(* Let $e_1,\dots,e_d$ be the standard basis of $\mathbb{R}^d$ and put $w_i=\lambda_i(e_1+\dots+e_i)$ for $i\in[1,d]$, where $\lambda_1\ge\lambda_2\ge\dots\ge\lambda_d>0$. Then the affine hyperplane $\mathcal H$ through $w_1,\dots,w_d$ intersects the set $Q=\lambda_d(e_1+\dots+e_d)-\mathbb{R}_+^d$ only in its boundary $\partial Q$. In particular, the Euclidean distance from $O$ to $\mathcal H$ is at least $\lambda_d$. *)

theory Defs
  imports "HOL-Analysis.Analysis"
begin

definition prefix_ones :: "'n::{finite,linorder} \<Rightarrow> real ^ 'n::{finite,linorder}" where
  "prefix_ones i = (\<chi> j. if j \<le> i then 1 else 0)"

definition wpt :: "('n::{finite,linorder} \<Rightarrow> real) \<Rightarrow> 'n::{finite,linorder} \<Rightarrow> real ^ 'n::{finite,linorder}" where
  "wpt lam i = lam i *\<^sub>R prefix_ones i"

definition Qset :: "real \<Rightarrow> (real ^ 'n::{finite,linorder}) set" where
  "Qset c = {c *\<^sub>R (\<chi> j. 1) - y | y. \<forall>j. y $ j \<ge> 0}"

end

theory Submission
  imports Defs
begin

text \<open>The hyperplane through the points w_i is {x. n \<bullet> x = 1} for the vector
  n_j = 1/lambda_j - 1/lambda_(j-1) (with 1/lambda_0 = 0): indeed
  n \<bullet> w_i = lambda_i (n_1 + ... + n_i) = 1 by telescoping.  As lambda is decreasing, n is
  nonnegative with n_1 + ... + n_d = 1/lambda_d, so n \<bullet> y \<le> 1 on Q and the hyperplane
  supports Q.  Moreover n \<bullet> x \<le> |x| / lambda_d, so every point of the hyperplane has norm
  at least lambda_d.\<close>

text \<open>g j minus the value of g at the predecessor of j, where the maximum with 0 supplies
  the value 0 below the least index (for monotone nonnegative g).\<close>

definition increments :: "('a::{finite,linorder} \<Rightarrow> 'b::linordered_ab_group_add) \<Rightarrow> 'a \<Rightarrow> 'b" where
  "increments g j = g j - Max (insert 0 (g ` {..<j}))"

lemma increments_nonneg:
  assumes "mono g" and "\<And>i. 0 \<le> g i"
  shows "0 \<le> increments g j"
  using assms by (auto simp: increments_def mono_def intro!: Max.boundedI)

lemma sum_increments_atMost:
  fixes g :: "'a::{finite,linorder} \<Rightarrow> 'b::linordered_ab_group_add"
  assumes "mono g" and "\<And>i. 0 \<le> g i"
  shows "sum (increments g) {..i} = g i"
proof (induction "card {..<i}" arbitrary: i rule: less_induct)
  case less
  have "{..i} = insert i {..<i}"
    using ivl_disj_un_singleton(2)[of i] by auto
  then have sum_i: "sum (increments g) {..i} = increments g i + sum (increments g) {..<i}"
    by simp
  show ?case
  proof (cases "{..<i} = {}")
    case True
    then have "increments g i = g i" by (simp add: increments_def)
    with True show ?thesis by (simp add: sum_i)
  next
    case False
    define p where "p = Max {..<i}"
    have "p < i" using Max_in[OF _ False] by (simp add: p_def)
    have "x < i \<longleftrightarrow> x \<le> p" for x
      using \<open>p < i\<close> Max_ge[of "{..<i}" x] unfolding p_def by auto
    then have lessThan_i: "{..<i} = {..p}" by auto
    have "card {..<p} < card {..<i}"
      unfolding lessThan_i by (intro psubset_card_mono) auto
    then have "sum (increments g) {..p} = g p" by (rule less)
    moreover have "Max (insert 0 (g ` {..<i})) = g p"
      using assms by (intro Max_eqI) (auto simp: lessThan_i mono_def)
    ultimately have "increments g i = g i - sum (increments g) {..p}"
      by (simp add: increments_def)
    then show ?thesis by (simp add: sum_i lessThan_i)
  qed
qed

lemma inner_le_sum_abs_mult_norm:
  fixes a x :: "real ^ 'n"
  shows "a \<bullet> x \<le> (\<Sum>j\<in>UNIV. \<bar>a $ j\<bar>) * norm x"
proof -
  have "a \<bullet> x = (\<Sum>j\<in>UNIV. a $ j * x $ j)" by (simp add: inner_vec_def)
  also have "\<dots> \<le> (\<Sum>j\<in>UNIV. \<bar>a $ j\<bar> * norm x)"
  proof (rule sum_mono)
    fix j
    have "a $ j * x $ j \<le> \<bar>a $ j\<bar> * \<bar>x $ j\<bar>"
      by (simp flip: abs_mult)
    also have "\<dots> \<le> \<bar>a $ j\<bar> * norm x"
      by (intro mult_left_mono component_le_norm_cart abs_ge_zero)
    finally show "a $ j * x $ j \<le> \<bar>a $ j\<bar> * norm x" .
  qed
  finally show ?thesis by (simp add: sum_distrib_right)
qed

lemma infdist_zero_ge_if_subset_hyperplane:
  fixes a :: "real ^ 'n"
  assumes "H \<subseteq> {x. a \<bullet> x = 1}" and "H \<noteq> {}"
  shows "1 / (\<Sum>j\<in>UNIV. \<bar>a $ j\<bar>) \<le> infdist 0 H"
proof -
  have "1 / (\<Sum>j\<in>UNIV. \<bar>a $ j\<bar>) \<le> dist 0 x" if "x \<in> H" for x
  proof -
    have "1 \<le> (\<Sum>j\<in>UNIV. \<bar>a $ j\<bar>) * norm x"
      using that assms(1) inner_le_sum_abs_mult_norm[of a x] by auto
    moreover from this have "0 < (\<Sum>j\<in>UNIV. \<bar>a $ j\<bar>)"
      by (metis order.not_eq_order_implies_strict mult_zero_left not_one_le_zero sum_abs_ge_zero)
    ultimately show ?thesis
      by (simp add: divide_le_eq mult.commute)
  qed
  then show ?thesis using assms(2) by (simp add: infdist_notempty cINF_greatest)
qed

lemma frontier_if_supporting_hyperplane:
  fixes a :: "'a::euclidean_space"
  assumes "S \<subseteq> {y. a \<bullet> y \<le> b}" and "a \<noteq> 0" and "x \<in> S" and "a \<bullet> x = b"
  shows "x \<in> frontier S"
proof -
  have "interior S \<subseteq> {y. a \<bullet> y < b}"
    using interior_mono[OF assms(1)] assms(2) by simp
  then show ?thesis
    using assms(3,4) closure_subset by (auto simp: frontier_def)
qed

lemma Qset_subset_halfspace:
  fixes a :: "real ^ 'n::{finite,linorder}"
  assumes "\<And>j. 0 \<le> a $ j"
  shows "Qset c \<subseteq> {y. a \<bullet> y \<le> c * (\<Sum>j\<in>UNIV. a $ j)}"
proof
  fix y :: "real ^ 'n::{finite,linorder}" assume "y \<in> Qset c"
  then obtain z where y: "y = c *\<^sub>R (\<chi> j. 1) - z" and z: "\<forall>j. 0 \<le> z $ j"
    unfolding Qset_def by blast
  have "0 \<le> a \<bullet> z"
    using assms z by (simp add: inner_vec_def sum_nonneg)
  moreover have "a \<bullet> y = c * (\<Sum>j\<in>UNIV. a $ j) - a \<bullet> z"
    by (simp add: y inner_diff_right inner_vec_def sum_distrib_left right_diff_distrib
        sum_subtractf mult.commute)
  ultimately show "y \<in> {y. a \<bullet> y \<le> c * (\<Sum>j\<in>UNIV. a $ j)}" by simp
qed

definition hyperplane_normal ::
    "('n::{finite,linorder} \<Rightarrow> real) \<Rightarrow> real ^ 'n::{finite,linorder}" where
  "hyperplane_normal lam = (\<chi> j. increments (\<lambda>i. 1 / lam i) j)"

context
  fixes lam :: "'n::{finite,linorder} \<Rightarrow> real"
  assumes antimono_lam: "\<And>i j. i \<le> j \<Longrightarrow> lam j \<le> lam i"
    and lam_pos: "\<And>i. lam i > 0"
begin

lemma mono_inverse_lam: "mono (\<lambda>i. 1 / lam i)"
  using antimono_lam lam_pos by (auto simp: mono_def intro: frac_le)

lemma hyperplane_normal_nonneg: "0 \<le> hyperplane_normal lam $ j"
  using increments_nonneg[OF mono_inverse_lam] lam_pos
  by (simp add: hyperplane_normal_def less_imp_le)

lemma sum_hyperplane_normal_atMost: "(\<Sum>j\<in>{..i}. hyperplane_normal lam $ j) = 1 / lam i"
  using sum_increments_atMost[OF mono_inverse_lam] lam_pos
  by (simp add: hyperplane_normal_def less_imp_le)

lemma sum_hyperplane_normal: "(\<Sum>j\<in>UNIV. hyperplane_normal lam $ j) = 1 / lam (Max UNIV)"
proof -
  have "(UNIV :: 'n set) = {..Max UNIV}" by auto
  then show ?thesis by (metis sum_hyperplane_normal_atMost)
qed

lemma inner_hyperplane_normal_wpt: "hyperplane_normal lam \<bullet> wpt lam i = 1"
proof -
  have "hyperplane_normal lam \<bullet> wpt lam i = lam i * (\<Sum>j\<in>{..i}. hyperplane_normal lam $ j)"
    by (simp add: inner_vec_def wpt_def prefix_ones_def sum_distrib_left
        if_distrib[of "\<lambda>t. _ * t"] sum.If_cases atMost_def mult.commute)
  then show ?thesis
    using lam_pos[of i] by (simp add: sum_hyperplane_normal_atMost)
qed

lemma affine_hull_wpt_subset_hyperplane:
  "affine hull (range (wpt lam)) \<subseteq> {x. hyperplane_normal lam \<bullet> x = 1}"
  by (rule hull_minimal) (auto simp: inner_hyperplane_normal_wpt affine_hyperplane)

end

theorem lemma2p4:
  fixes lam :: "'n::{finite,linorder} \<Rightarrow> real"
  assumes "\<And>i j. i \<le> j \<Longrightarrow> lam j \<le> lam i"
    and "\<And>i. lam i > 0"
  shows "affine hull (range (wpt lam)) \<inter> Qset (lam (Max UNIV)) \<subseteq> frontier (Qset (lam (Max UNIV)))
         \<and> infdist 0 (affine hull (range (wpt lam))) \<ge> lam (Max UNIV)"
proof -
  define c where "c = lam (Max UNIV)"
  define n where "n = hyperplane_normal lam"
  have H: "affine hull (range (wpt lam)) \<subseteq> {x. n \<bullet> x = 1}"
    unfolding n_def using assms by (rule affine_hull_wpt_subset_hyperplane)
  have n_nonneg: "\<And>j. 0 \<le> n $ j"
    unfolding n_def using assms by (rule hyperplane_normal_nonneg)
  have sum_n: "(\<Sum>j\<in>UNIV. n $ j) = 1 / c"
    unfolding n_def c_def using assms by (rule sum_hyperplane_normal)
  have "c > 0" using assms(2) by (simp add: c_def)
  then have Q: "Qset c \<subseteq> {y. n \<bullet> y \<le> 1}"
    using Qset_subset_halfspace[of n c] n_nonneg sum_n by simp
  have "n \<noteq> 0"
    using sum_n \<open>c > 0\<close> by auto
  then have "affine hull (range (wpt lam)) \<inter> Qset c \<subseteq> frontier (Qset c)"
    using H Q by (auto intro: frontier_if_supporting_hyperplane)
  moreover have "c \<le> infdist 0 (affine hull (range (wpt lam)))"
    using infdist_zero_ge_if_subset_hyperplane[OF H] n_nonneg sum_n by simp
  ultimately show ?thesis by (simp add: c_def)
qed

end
+++
* TASK BRIEF
Report how many lines of the data above hold the string "where". Nothing else belongs in the answer.

* COMPLETED EXERCISE
11